======== Record excerpts
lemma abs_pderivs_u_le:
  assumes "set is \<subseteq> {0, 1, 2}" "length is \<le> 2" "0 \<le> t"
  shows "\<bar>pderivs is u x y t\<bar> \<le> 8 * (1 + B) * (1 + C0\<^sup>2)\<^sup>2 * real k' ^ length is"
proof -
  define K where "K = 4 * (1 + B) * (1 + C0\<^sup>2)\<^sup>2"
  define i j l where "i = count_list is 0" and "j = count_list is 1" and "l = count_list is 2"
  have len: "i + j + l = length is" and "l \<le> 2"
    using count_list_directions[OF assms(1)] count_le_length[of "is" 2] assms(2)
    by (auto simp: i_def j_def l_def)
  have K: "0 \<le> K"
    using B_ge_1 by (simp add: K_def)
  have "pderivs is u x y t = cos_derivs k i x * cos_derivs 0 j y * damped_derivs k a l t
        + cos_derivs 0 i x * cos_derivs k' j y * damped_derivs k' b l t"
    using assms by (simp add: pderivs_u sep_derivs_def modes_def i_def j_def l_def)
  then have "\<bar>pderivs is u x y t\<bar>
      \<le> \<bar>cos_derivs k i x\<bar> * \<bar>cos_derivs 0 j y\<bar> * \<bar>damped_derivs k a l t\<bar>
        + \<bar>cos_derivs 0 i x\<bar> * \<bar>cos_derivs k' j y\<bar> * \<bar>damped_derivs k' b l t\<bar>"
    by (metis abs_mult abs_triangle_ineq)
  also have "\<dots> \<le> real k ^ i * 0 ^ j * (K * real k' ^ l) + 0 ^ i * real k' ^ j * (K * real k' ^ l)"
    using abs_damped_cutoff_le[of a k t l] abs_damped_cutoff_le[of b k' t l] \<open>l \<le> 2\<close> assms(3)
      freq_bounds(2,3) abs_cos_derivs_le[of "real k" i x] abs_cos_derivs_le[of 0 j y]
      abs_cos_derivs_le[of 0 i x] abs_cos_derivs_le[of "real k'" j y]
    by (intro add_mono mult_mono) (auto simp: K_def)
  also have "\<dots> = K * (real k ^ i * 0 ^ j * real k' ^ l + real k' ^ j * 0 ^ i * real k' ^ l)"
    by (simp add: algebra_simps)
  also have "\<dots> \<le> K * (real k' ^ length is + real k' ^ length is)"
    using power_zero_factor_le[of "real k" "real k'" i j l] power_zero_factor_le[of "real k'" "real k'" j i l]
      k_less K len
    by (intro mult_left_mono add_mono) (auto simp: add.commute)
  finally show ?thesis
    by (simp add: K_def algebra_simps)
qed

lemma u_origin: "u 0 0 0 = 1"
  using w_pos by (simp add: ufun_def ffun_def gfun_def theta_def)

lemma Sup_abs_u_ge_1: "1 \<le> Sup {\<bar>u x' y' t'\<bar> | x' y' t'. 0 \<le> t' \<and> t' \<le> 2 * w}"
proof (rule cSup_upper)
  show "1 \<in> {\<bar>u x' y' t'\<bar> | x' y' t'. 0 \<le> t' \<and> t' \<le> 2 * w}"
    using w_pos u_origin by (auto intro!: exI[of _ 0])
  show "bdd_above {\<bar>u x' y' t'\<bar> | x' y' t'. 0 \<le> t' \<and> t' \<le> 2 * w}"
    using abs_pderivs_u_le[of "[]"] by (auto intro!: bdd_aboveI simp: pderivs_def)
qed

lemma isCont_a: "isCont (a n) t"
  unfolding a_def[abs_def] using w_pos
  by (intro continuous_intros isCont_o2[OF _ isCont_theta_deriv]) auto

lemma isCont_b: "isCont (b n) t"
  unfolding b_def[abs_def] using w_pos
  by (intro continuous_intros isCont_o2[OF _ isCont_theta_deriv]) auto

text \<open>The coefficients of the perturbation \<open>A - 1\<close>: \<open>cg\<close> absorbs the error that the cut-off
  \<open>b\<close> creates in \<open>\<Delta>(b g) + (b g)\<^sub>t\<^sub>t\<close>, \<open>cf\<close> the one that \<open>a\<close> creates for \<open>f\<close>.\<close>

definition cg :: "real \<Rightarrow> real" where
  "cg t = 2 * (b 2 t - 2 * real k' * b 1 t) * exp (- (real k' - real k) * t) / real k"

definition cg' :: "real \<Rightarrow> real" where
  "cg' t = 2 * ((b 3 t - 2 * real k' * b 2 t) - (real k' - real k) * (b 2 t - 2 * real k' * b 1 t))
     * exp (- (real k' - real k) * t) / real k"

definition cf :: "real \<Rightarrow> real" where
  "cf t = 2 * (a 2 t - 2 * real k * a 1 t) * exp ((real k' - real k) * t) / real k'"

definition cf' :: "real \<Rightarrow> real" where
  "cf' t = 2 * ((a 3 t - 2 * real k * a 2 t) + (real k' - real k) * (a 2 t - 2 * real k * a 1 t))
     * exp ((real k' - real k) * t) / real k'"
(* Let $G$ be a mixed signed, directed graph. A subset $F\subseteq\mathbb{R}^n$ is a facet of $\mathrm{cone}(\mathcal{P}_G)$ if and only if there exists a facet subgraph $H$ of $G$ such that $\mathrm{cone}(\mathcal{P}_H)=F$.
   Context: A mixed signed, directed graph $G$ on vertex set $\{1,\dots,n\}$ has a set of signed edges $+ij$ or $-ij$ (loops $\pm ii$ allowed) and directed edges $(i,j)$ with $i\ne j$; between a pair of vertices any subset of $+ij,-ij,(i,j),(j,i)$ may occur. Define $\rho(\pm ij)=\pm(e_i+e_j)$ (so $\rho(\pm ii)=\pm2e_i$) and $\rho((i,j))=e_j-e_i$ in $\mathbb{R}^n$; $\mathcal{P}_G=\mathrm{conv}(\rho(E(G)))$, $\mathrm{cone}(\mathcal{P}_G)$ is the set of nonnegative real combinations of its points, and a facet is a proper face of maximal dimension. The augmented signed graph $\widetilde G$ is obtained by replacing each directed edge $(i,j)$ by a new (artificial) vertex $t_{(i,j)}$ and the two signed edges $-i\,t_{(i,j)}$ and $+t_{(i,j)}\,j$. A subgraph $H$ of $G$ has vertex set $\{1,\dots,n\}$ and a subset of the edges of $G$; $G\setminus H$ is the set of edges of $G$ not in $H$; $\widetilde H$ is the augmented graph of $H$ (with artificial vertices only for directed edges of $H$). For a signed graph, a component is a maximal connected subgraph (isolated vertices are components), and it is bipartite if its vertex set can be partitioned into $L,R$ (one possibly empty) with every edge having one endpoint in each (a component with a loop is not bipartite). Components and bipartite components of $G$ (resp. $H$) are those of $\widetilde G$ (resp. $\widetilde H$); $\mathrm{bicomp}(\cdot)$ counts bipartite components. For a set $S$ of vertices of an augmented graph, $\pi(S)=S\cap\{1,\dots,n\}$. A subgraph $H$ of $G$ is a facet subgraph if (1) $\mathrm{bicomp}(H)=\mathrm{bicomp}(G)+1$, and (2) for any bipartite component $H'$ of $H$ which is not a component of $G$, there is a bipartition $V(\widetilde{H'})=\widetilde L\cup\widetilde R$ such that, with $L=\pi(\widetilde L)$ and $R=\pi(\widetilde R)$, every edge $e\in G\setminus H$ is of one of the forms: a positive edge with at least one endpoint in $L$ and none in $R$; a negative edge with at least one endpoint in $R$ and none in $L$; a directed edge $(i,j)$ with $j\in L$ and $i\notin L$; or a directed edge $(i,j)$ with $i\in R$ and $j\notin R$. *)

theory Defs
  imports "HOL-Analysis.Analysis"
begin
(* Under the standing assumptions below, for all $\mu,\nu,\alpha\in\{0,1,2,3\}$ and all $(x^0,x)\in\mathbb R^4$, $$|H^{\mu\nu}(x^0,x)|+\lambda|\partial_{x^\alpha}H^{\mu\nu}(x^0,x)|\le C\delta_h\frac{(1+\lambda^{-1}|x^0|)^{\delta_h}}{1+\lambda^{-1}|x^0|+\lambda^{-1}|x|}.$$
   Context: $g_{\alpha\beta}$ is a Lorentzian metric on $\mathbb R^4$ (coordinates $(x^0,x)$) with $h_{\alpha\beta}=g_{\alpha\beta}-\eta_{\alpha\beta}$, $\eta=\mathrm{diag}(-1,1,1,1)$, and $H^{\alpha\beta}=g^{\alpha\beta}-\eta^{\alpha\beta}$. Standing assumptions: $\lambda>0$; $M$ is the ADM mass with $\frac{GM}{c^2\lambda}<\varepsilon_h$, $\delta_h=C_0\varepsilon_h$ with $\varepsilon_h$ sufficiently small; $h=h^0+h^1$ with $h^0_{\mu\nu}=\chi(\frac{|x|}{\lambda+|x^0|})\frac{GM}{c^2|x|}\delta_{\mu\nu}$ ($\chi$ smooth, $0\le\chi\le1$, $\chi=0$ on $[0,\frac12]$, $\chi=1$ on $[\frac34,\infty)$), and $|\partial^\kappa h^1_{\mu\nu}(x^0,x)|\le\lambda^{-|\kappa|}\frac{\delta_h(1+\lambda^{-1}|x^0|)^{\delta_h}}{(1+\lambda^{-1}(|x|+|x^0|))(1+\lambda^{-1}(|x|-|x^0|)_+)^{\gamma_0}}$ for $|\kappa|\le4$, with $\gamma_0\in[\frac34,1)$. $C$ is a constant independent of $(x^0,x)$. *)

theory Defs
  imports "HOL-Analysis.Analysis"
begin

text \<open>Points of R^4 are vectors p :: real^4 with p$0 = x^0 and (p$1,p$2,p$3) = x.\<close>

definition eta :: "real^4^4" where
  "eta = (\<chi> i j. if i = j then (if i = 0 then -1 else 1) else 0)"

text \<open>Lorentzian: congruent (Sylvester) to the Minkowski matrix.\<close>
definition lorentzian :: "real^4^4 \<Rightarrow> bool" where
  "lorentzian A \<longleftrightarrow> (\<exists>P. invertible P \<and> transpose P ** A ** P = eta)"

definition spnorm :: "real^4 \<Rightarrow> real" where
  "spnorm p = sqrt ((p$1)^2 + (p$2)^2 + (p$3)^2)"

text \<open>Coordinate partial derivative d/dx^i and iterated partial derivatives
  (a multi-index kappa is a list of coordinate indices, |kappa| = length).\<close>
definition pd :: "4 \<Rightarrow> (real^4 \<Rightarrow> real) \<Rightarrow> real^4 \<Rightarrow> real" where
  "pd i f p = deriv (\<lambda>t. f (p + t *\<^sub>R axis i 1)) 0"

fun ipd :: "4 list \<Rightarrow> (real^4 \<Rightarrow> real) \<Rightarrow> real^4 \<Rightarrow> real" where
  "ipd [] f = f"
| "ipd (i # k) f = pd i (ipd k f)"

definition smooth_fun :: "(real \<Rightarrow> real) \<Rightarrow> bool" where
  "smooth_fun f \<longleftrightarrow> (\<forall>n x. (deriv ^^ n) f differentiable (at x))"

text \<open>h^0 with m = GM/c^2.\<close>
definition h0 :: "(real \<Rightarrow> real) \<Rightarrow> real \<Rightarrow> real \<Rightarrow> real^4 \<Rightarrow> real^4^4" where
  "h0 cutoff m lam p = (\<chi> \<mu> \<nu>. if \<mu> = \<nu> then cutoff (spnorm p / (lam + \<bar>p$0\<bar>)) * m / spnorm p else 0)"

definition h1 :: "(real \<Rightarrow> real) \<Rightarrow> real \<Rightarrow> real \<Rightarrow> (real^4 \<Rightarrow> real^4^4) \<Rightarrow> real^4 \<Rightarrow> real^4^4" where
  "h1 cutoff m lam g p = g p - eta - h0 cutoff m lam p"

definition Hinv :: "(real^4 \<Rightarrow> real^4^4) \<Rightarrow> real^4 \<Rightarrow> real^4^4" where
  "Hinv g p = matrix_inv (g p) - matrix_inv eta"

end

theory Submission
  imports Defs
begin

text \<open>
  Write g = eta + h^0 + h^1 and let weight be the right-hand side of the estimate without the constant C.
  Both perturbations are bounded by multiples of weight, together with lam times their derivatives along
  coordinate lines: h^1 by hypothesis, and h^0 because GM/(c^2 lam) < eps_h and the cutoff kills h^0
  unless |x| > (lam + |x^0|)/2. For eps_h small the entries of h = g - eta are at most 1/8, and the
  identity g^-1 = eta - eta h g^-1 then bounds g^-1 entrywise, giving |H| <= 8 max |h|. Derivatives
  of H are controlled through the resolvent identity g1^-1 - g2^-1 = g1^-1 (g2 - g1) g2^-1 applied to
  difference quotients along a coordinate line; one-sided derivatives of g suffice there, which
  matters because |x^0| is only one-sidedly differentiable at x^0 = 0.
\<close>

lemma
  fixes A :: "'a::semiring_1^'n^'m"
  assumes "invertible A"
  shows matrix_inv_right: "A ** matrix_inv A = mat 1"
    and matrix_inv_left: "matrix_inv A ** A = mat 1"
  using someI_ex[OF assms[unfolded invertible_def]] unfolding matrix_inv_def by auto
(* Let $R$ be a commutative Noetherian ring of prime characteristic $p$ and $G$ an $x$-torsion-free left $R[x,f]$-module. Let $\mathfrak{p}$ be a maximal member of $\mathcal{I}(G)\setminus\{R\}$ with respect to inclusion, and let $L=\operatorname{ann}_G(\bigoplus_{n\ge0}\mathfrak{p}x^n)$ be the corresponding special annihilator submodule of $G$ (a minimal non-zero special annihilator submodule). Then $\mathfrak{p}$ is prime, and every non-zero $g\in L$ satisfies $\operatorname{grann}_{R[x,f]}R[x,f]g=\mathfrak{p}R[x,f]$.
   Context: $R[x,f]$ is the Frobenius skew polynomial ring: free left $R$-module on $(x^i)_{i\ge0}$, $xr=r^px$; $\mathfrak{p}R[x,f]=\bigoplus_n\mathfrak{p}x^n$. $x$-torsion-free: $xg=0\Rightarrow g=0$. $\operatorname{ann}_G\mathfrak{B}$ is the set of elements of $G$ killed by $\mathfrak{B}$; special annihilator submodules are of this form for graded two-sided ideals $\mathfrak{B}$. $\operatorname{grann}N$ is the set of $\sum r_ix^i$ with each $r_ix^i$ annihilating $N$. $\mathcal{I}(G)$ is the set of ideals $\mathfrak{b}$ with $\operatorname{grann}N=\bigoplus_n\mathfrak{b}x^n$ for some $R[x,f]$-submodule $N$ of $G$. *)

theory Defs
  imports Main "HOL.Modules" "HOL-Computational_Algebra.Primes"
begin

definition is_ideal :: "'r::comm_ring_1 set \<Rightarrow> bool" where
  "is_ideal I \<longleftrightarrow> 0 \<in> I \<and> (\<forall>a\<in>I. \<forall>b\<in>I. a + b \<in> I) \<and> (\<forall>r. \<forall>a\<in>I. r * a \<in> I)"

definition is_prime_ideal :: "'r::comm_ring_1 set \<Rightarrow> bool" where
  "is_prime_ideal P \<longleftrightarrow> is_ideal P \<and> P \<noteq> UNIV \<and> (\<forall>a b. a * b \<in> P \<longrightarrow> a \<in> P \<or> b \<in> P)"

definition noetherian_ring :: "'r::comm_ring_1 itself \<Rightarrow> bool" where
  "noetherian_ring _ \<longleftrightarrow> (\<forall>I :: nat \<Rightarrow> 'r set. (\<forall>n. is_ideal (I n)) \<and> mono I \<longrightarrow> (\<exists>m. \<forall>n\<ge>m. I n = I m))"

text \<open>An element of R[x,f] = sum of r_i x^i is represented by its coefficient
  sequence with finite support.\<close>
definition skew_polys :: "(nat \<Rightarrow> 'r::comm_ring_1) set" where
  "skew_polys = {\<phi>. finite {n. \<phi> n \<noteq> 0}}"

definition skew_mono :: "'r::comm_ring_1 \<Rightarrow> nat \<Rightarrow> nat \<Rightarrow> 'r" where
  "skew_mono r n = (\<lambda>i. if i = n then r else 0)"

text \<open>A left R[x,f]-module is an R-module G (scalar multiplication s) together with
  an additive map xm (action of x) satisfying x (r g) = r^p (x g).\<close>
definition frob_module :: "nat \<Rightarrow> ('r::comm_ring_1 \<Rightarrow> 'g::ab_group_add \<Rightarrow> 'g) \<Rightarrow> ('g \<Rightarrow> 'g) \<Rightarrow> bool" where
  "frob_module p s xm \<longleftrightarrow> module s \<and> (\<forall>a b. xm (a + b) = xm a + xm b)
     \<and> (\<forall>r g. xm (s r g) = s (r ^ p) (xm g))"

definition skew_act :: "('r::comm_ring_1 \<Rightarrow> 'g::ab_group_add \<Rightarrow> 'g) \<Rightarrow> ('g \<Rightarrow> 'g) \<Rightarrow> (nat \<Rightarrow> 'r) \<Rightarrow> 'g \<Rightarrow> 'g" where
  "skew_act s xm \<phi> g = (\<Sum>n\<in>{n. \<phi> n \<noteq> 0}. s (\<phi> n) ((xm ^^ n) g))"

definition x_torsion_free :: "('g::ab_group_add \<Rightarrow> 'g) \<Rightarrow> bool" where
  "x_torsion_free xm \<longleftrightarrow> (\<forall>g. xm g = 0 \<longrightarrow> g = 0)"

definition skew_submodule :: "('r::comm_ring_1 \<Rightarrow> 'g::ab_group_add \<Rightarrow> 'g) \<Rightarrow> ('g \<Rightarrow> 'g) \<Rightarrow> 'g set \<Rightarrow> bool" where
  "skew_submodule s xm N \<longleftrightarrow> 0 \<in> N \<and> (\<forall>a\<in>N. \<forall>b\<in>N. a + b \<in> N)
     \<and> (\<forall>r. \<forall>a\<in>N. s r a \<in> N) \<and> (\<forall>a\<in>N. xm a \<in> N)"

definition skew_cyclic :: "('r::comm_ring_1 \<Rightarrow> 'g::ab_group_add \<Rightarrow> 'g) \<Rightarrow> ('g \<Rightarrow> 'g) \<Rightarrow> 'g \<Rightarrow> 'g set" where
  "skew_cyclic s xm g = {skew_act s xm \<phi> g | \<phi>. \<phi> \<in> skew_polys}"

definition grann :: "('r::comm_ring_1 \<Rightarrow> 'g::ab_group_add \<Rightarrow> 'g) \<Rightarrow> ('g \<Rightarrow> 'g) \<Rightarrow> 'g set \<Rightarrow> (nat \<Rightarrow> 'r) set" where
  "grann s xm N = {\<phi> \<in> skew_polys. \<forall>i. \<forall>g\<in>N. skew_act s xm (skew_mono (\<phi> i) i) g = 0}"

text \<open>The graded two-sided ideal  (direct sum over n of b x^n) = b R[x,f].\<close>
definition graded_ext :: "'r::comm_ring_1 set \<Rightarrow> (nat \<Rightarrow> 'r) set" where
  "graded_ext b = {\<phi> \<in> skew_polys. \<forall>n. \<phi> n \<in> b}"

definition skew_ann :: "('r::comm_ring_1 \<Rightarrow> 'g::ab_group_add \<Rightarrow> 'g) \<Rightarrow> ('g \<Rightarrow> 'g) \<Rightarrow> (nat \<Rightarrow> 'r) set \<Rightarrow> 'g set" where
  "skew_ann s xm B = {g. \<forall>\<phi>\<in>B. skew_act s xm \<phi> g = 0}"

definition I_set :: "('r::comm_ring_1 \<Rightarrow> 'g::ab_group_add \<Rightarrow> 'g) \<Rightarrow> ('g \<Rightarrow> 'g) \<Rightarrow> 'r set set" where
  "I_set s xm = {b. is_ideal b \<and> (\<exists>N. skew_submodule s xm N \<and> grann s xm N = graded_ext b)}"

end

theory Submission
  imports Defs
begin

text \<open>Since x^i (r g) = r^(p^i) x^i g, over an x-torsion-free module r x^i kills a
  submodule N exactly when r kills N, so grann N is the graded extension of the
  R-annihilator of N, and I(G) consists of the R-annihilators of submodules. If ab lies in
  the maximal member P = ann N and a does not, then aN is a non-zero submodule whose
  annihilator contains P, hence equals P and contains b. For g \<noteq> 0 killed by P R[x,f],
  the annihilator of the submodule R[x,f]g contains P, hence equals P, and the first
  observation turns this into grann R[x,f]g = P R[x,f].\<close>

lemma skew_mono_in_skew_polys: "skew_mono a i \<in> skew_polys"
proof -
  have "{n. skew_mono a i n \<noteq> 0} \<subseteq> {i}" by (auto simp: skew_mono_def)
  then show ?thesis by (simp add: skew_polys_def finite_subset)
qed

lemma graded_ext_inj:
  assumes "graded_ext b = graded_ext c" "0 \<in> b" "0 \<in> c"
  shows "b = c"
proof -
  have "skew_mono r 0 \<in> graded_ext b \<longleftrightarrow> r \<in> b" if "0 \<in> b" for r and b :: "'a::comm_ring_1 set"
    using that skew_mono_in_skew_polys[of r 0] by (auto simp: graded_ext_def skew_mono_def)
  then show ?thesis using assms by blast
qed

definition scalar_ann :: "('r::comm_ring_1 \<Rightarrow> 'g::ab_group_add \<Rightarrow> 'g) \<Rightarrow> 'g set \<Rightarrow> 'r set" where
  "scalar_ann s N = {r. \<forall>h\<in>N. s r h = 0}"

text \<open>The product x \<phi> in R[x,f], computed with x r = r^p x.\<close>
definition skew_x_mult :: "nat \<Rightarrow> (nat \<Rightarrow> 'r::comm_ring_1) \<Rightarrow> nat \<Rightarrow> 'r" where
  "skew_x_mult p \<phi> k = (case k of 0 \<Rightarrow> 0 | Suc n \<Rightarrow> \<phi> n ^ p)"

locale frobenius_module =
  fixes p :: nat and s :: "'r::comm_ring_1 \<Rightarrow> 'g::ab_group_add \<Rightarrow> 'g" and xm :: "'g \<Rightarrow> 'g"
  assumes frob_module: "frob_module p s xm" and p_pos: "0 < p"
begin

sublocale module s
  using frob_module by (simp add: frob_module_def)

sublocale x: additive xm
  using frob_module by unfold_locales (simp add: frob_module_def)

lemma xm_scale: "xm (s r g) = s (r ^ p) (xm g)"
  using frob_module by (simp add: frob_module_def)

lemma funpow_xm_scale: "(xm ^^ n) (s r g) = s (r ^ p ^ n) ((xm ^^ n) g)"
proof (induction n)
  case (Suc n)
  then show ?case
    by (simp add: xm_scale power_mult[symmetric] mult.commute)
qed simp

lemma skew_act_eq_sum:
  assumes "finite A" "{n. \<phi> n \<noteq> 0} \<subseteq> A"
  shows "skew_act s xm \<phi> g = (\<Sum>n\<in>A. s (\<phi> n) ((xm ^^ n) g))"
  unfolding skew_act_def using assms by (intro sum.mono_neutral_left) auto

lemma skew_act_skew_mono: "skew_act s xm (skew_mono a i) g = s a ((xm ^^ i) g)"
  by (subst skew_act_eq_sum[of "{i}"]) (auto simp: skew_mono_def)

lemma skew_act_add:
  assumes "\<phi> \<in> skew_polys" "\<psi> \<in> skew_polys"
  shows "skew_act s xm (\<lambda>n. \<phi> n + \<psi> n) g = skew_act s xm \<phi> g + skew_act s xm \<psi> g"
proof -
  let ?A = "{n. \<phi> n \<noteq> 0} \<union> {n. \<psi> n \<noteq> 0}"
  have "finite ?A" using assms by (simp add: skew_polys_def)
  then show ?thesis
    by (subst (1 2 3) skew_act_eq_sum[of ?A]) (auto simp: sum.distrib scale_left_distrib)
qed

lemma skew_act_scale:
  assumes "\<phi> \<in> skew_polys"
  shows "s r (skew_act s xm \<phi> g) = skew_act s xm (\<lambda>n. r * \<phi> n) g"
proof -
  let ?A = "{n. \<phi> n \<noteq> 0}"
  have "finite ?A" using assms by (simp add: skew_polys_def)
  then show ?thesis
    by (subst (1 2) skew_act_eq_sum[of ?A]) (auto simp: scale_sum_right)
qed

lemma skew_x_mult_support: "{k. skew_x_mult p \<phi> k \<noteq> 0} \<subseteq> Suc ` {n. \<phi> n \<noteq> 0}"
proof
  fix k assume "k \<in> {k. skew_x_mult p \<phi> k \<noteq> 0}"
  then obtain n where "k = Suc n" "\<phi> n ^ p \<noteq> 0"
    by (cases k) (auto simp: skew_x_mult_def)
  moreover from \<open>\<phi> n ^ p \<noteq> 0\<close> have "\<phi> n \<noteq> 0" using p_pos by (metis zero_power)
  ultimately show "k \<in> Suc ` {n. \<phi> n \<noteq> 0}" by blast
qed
================
■ **Exercise**
Retype only the stretch of lines above starting at the one with "creates for \<open>f\<close>.\<close>" and stopping at the one with "(* Let $G$ be", exactly as written, with both kept.

■ **Task solution**
  \<open>b\<close> creates in \<open>\<Delta>(b g) + (b g)\<^sub>t\<^sub>t\<close>, \<open>cf\<close> the one that \<open>a\<close> creates for \<open>f\<close>.\<close>

definition cg :: "real \<Rightarrow> real" where
  "cg t = 2 * (b 2 t - 2 * real k' * b 1 t) * exp (- (real k' - real k) * t) / real k"

definition cg' :: "real \<Rightarrow> real" where
  "cg' t = 2 * ((b 3 t - 2 * real k' * b 2 t) - (real k' - real k) * (b 2 t - 2 * real k' * b 1 t))
     * exp (- (real k' - real k) * t) / real k"

definition cf :: "real \<Rightarrow> real" where
  "cf t = 2 * (a 2 t - 2 * real k * a 1 t) * exp ((real k' - real k) * t) / real k'"

definition cf' :: "real \<Rightarrow> real" where
  "cf' t = 2 * ((a 3 t - 2 * real k * a 2 t) + (real k' - real k) * (a 2 t - 2 * real k * a 1 t))
     * exp ((real k' - real k) * t) / real k'"
(* Let $G$ be a mixed signed, directed graph. A subset $F\subseteq\mathbb{R}^n$ is a facet of $\mathrm{cone}(\mathcal{P}_G)$ if and only if there exists a facet subgraph $H$ of $G$ such that $\mathrm{cone}(\mathcal{P}_H)=F$.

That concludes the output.